The earth he was lying on was packed down hard and threaded with pieces of metal and bits of fabric and plastic bags that had been churned with the gravel and ploughed under and then packed down by bulldozers and the tracks were still visible and he stood up and felt dizzy. He went back into the shack and sat down on a swivel chair, the seat of which was worn and a tuft of foam hung out, and Valentin started to cry.

He was afraid of rats. He had been in prison and he knew how to inflict pain effectively and how to endure it. The way you endure pain: you make up your mind you will endure it. He had given up smoking cigarettes in prison and he had taken part in the organization of a sex racket that he profited from, and that eventually got him out of prison altogether. He had been through all this, but he was still mortally afraid of rats. The ship he had arrived on was overrun with rats, though he had not seen them.

The Russian vessel had been seized by the Canadian government in Harbour Grace with a crew of forty-three sailors on board. The shipping company responsible for the vessel and crew had folded without a trace and the men’s wages were frozen or there were no wages and they had run out of supplies and had used up all their fuel after only a week in port.

The Catholic Church in the parish of Harbour Grace held a bingo game when it realized the predicament the sailors were in and raised $600 and the men came ashore for the evening and stood around the parish hall, looking ashamed and hungry. They cleaned out the bowls of chips and pretzels that were put out on the card tables where people were playing bridge. There were bowls of Bridge Mixture and the Ladies Auxiliary had made sandwiches and the Russians ate those too.

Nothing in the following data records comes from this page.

lemma submodule_plus_cyclic:
  assumes N: "submodule N R M" and y: "y \<in> carrier M"
  shows "submodule (plus_cyclic R M N y) R M"
proof (rule submoduleI)
  have NM: "N \<subseteq> carrier M" using submoduleE(1)[OF N] .
  show "plus_cyclic R M N y \<subseteq> carrier M" unfolding plus_cyclic_def using NM y by auto
  have "\<zero>\<^bsub>M\<^esub> = \<zero>\<^bsub>M\<^esub> \<oplus>\<^bsub>M\<^esub> \<zero> \<odot>\<^bsub>M\<^esub> y" using y by simp
  then show "\<zero>\<^bsub>M\<^esub> \<in> plus_cyclic R M N y"
    unfolding plus_cyclic_def using submodule_zero_closed[OF N] by blast
  fix a assume "a \<in> plus_cyclic R M N y"
  then obtain n r where a: "a = n \<oplus>\<^bsub>M\<^esub> r \<odot>\<^bsub>M\<^esub> y" and n: "n \<in> N" and r: "r \<in> carrier R"
    unfolding plus_cyclic_def by blast
  have "\<ominus>\<^bsub>M\<^esub> a = \<ominus>\<^bsub>M\<^esub> n \<oplus>\<^bsub>M\<^esub> (\<ominus> r) \<odot>\<^bsub>M\<^esub> y"
    using a n r y NM by (auto simp: M.minus_add smult_l_minus)
  then show "\<ominus>\<^bsub>M\<^esub> a \<in> plus_cyclic R M N y"
    unfolding plus_cyclic_def using submoduleE(3)[OF N n] r by blast
next
  have NM: "N \<subseteq> carrier M" using submoduleE(1)[OF N] .
  fix a b assume "a \<in> plus_cyclic R M N y" "b \<in> plus_cyclic R M N y"
  then obtain n1 r1 n2 r2 where ab: "a = n1 \<oplus>\<^bsub>M\<^esub> r1 \<odot>\<^bsub>M\<^esub> y" "b = n2 \<oplus>\<^bsub>M\<^esub> r2 \<odot>\<^bsub>M\<^esub> y"
    and n: "n1 \<in> N" "n2 \<in> N" and r: "r1 \<in> carrier R" "r2 \<in> carrier R"
    unfolding plus_cyclic_def by blast
  have "n1 \<in> carrier M" "n2 \<in> carrier M" using n NM by auto
  then have "a \<oplus>\<^bsub>M\<^esub> b = (n1 \<oplus>\<^bsub>M\<^esub> n2) \<oplus>\<^bsub>M\<^esub> (r1 \<oplus> r2) \<odot>\<^bsub>M\<^esub> y"
    using ab r y by (simp add: smult_l_distr M.a_ac)
  then show "a \<oplus>\<^bsub>M\<^esub> b \<in> plus_cyclic R M N y"
    unfolding plus_cyclic_def using submoduleE(5)[OF N n] r by blast
next
  have NM: "N \<subseteq> carrier M" using submoduleE(1)[OF N] .
  fix c a assume c: "c \<in> carrier R" and "a \<in> plus_cyclic R M N y"
  then obtain n r where a: "a = n \<oplus>\<^bsub>M\<^esub> r \<odot>\<^bsub>M\<^esub> y" and n: "n \<in> N" and r: "r \<in> carrier R"
    unfolding plus_cyclic_def by blast
  have "c \<odot>\<^bsub>M\<^esub> a = c \<odot>\<^bsub>M\<^esub> n \<oplus>\<^bsub>M\<^esub> (c \<otimes> r) \<odot>\<^bsub>M\<^esub> y"
    using a n r c y NM by (auto simp: smult_r_distr smult_assoc1)
  then show "c \<odot>\<^bsub>M\<^esub> a \<in> plus_cyclic R M N y"
    unfolding plus_cyclic_def using submoduleE(4)[OF N c n] c r by blast
qed

lemma subset_plus_cyclic:
  assumes N: "submodule N R M" and y: "y \<in> carrier M"
  shows "N \<subseteq> plus_cyclic R M N y" and "y \<in> plus_cyclic R M N y"
proof -
  show "N \<subseteq> plus_cyclic R M N y"
  proof
    fix n assume n: "n \<in> N"
    then have "n = n \<oplus>\<^bsub>M\<^esub> \<zero> \<odot>\<^bsub>M\<^esub> y" using submoduleE(1)[OF N] y by auto
    then show "n \<in> plus_cyclic R M N y" unfolding plus_cyclic_def using n by blast
  qed
  have "y = \<zero>\<^bsub>M\<^esub> \<oplus>\<^bsub>M\<^esub> \<one> \<odot>\<^bsub>M\<^esub> y" using y by simp
  then show "y \<in> plus_cyclic R M N y"
    unfolding plus_cyclic_def using submodule_zero_closed[OF N] by blast
qed

text \<open>\<open>Ry/(Ry \<inter> N) \<cong> R/(N : y)\<close> has \<open>(N : y)\<close> as its only associated prime.\<close>
lemma colon_plus_cyclic_primeideal:
  assumes N: "submodule N R M" and y: "y \<in> carrier M" and P: "primeideal (colon R M N y) R"
    and z: "z \<in> plus_cyclic R M N y" and prime: "primeideal (colon R M N z) R"
  shows "colon R M N z = colon R M N y"
proof -
  obtain n r where z_eq: "z = n \<oplus>\<^bsub>M\<^esub> r \<odot>\<^bsub>M\<^esub> y" and n: "n \<in> N" and r: "r \<in> carrier R"
    using z unfolding plus_cyclic_def by blast
  have colon_z: "colon R M N z = colon R M N (r \<odot>\<^bsub>M\<^esub> y)"
    unfolding z_eq using colon_add_submodule[OF N n] r y by simp
  have "r \<notin> colon R M N y"
  proof
    assume "r \<in> colon R M N y"
    then have "colon R M N (r \<odot>\<^bsub>M\<^esub> y) = carrier R"
      using r y ideal.I_l_closed[OF primeideal.axioms(1)[OF P]] by (auto simp: colon_smult)
    then show False using primeideal.I_notcarr[OF prime] colon_z by simp
  qed
  then show ?thesis using colon_z colon_smult_primeideal[OF P _ y] r by simp
qed

lemma ass_primes_subset_plus_cyclic:
  assumes N: "submodule N R M" and y: "y \<in> carrier M" and P: "primeideal (colon R M N y) R"
  shows "ass_primes R M N \<subseteq> ass_primes R M (plus_cyclic R M N y) \<union> {colon R M N y}"
proof
  fix Q assume "Q \<in> ass_primes R M N"
  then obtain z where Q: "primeideal Q R" and z: "z \<in> carrier M" and Q_eq: "Q = colon R M N z"
    unfolding ass_primes_def by blast
  show "Q \<in> ass_primes R M (plus_cyclic R M N y) \<union> {colon R M N y}"
  proof (cases "colon R M (plus_cyclic R M N y) z = Q")
    case True
    then show ?thesis using Q z unfolding ass_primes_def by auto
  next
    case False
    moreover have "Q \<subseteq> colon R M (plus_cyclic R M N y) z"
      unfolding Q_eq colon_def using subset_plus_cyclic(1)[OF N y] by blast
    ultimately obtain b where b: "b \<in> colon R M (plus_cyclic R M N y) z" "b \<notin> Q" by blast
    then have bR: "b \<in> carrier R" and bz: "b \<odot>\<^bsub>M\<^esub> z \<in> plus_cyclic R M N y"
      unfolding colon_def by auto
    have "colon R M N (b \<odot>\<^bsub>M\<^esub> z) = Q"
      using colon_smult_primeideal[of N z b] Q Q_eq b bR z by simp
    then show ?thesis using colon_plus_cyclic_primeideal[OF N y P bz] Q by simp
  qed
qed

lemma finite_ass_primes:
  assumes noeth: "noetherian_ring R" and fg: "fin_gen_module R M" and N0: "submodule N0 R M"
  shows "finite (ass_primes R M N0)"
proof (rule ccontr)
  define Fam where "Fam = {N. submodule N R M \<and> infinite (ass_primes R M N)}"
  assume "infinite (ass_primes R M N0)"
  then have "N0 \<in> Fam" unfolding Fam_def using N0 by blast
  then obtain N where "N \<in> Fam" and Nmax: "\<forall>N'\<in>Fam. N \<subseteq> N' \<longrightarrow> N' = N"
    using fin_gen_submodule_family_has_maximal[OF noeth fg, of Fam] unfolding Fam_def by blast
  then have N: "submodule N R M" and inf: "infinite (ass_primes R M N)" unfolding Fam_def by auto
  then obtain P where "P \<in> ass_primes R M N" by (metis ex_in_conv finite.emptyI)
  then obtain y where y: "y \<in> carrier M" and P: "primeideal (colon R M N y) R"
    unfolding ass_primes_def by blast
  have "y \<notin> N" using P y submoduleE(4)[OF N] primeideal.I_notcarr[OF P] unfolding colon_def by auto
  then have "plus_cyclic R M N y \<notin> Fam" using Nmax subset_plus_cyclic[OF N y] by blast
  then have "finite (ass_primes R M (plus_cyclic R M N y))"
    unfolding Fam_def using submodule_plus_cyclic[OF N y] by blast
  then have "finite (ass_primes R M N)"
    using ass_primes_subset_plus_cyclic[OF N y P] by (auto intro: finite_subset)
  then show False using inf by blast
qed

end

section \<open>Localization at a prime\<close>

definition loc_rep :: "('a, 'r) ring_scheme \<Rightarrow> ('a, 'b, 'm) module_scheme \<Rightarrow> 'a set \<Rightarrow> ('b \<times> 'a) set \<Rightarrow> 'b \<times> 'a"
  where "loc_rep R M P c =
    (SOME z. z \<in> carrier M \<times> (carrier R - P) \<and> c = loc_rel R M (carrier R - P) `` {z})"

lemma loc_rep:
  assumes "c \<in> localization R M P"
  shows "loc_rep R M P c \<in> carrier M \<times> (carrier R - P)"
    and "c = loc_rel R M (carrier R - P) `` {loc_rep R M P c}"
proof -
  have "\<exists>z. z \<in> carrier M \<times> (carrier R - P) \<and> c = loc_rel R M (carrier R - P) `` {z}"
    using assms unfolding localization_def quotient_def by blast
  then have "loc_rep R M P c \<in> carrier M \<times> (carrier R - P) \<and>
      c = loc_rel R M (carrier R - P) `` {loc_rep R M P c}"
    unfolding loc_rep_def by (rule someI_ex)
  then show "loc_rep R M P c \<in> carrier M \<times> (carrier R - P)"
    and "c = loc_rel R M (carrier R - P) `` {loc_rep R M P c}" by blast+
qed

text \<open>\<open>loc_eq R M P x y\<close> says that \<open>x/1 = y/1\<close> in \<open>M\<^sub>P\<close>.\<close>
definition loc_eq :: "('a, 'r) ring_scheme \<Rightarrow> ('a, 'b, 'm) module_scheme \<Rightarrow> 'a set \<Rightarrow> 'b \<Rightarrow> 'b \<Rightarrow> bool"
  where "loc_eq R M P x y \<longleftrightarrow> (\<exists>u\<in>carrier R - P. u \<odot>\<^bsub>M\<^esub> x = u \<odot>\<^bsub>M\<^esub> y)"

context module
begin

lemma smult_diff_eq_zero_iff:
  assumes "u \<in> carrier R" and "x \<in> carrier M" and "y \<in> carrier M"
  shows "u \<odot>\<^bsub>M\<^esub> (x \<ominus>\<^bsub>M\<^esub> y) = \<zero>\<^bsub>M\<^esub> \<longleftrightarrow> u \<odot>\<^bsub>M\<^esub> x = u \<odot>\<^bsub>M\<^esub> y"
proof -
  have "u \<odot>\<^bsub>M\<^esub> (x \<ominus>\<^bsub>M\<^esub> y) = u \<odot>\<^bsub>M\<^esub> x \<ominus>\<^bsub>M\<^esub> u \<odot>\<^bsub>M\<^esub> y"
    using assms by (simp add: M.minus_eq smult_r_distr smult_r_minus)
  moreover have "a \<ominus>\<^bsub>M\<^esub> b = \<zero>\<^bsub>M\<^esub> \<longleftrightarrow> a = b" if "a \<in> carrier M" "b \<in> carrier M" for a b
    using that by (metis M.add.inv_closed M.add.inv_solve_right M.l_zero M.minus_eq M.r_neg M.zero_closed)
  ultimately show ?thesis using assms by simp
qed

lemma smult_left_commute:
  assumes "a \<in> carrier R" and "b \<in> carrier R" and "x \<in> carrier M"
  shows "a \<odot>\<^bsub>M\<^esub> (b \<odot>\<^bsub>M\<^esub> x) = b \<odot>\<^bsub>M\<^esub> (a \<odot>\<^bsub>M\<^esub> x)"
  using assms by (simp add: smult_assoc1[symmetric] m_comm)

lemma loc_eq_iff_colon:
  assumes "x \<in> carrier M" and "y \<in> carrier M"
  shows "loc_eq R M P x y \<longleftrightarrow> \<not> colon R M {\<zero>\<^bsub>M\<^esub>} (x \<ominus>\<^bsub>M\<^esub> y) \<subseteq> P"
  using assms smult_diff_eq_zero_iff unfolding loc_eq_def colon_def by auto

lemma loc_eq_refl:
  assumes "primeideal P R"
  shows "loc_eq R M P x x"
  using primeideal_compl_multiplicative[OF assms] unfolding loc_eq_def multiplicative_subset_def by blast

lemma loc_eq_sym: "loc_eq R M P x y \<Longrightarrow> loc_eq R M P y x"
  unfolding loc_eq_def by metis

lemma loc_eq_trans:
  assumes P: "primeideal P R" and x: "x \<in> carrier M" and y: "y \<in> carrier M" and z: "z \<in> carrier M"
    and "loc_eq R M P x y" and "loc_eq R M P y z"
  shows "loc_eq R M P x z"
proof -
  obtain u v where u: "u \<in> carrier R - P" "u \<odot>\<^bsub>M\<^esub> x = u \<odot>\<^bsub>M\<^esub> y"
    and v: "v \<in> carrier R - P" "v \<odot>\<^bsub>M\<^esub> y = v \<odot>\<^bsub>M\<^esub> z"
    using assms(5,6) unfolding loc_eq_def by blast
  have "(v \<otimes> u) \<odot>\<^bsub>M\<^esub> x = v \<odot>\<^bsub>M\<^esub> (u \<odot>\<^bsub>M\<^esub> y)" using u v x by (simp add: smult_assoc1)
  also have "\<dots> = u \<odot>\<^bsub>M\<^esub> (v \<odot>\<^bsub>M\<^esub> z)" using u v y by (simp add: smult_left_commute)
  also have "\<dots> = (v \<otimes> u) \<odot>\<^bsub>M\<^esub> z" using u v z by (simp add: smult_assoc1 smult_left_commute)
  finally show ?thesis
    using u v primeideal_compl_multiplicative[OF P] unfolding loc_eq_def multiplicative_subset_def
    by blast
qed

The cash from the bingo night was handed over to one of the Russians the next morning and Mrs. Furlong, who was the parish priest’s housekeeper, and who was a member of the town council, took the cook from the vessel to the supermarket and drove him down to the dock with the supplies.

Everyone expected the Canadian government to intervene quickly on behalf of the sailors, but by the following weekend the crew was out of food again and had no electricity and there was another bingo game and enough money was raised to provide groceries for another week.

An emergency meeting was called by the town council and Mrs. Furlong said she had heard from the gentleman who bought the groceries that the ship was overrun with rats. She said they had purchased several tins of baked beans at the supermarket, but the Russians were eating them cold, directly out of the tins.

Someone pointed out that the money from the bingo games had been previously allotted to the town library for the purchase of computers.

The minutes of the council meeting reflected all of these comments and were distributed the following morning to the council members, the media, several other members of government, and a copy was delivered to the vessel and Valentin read about the rats, which he hadn’t known about, and became terrified and knew he had to get off the ship.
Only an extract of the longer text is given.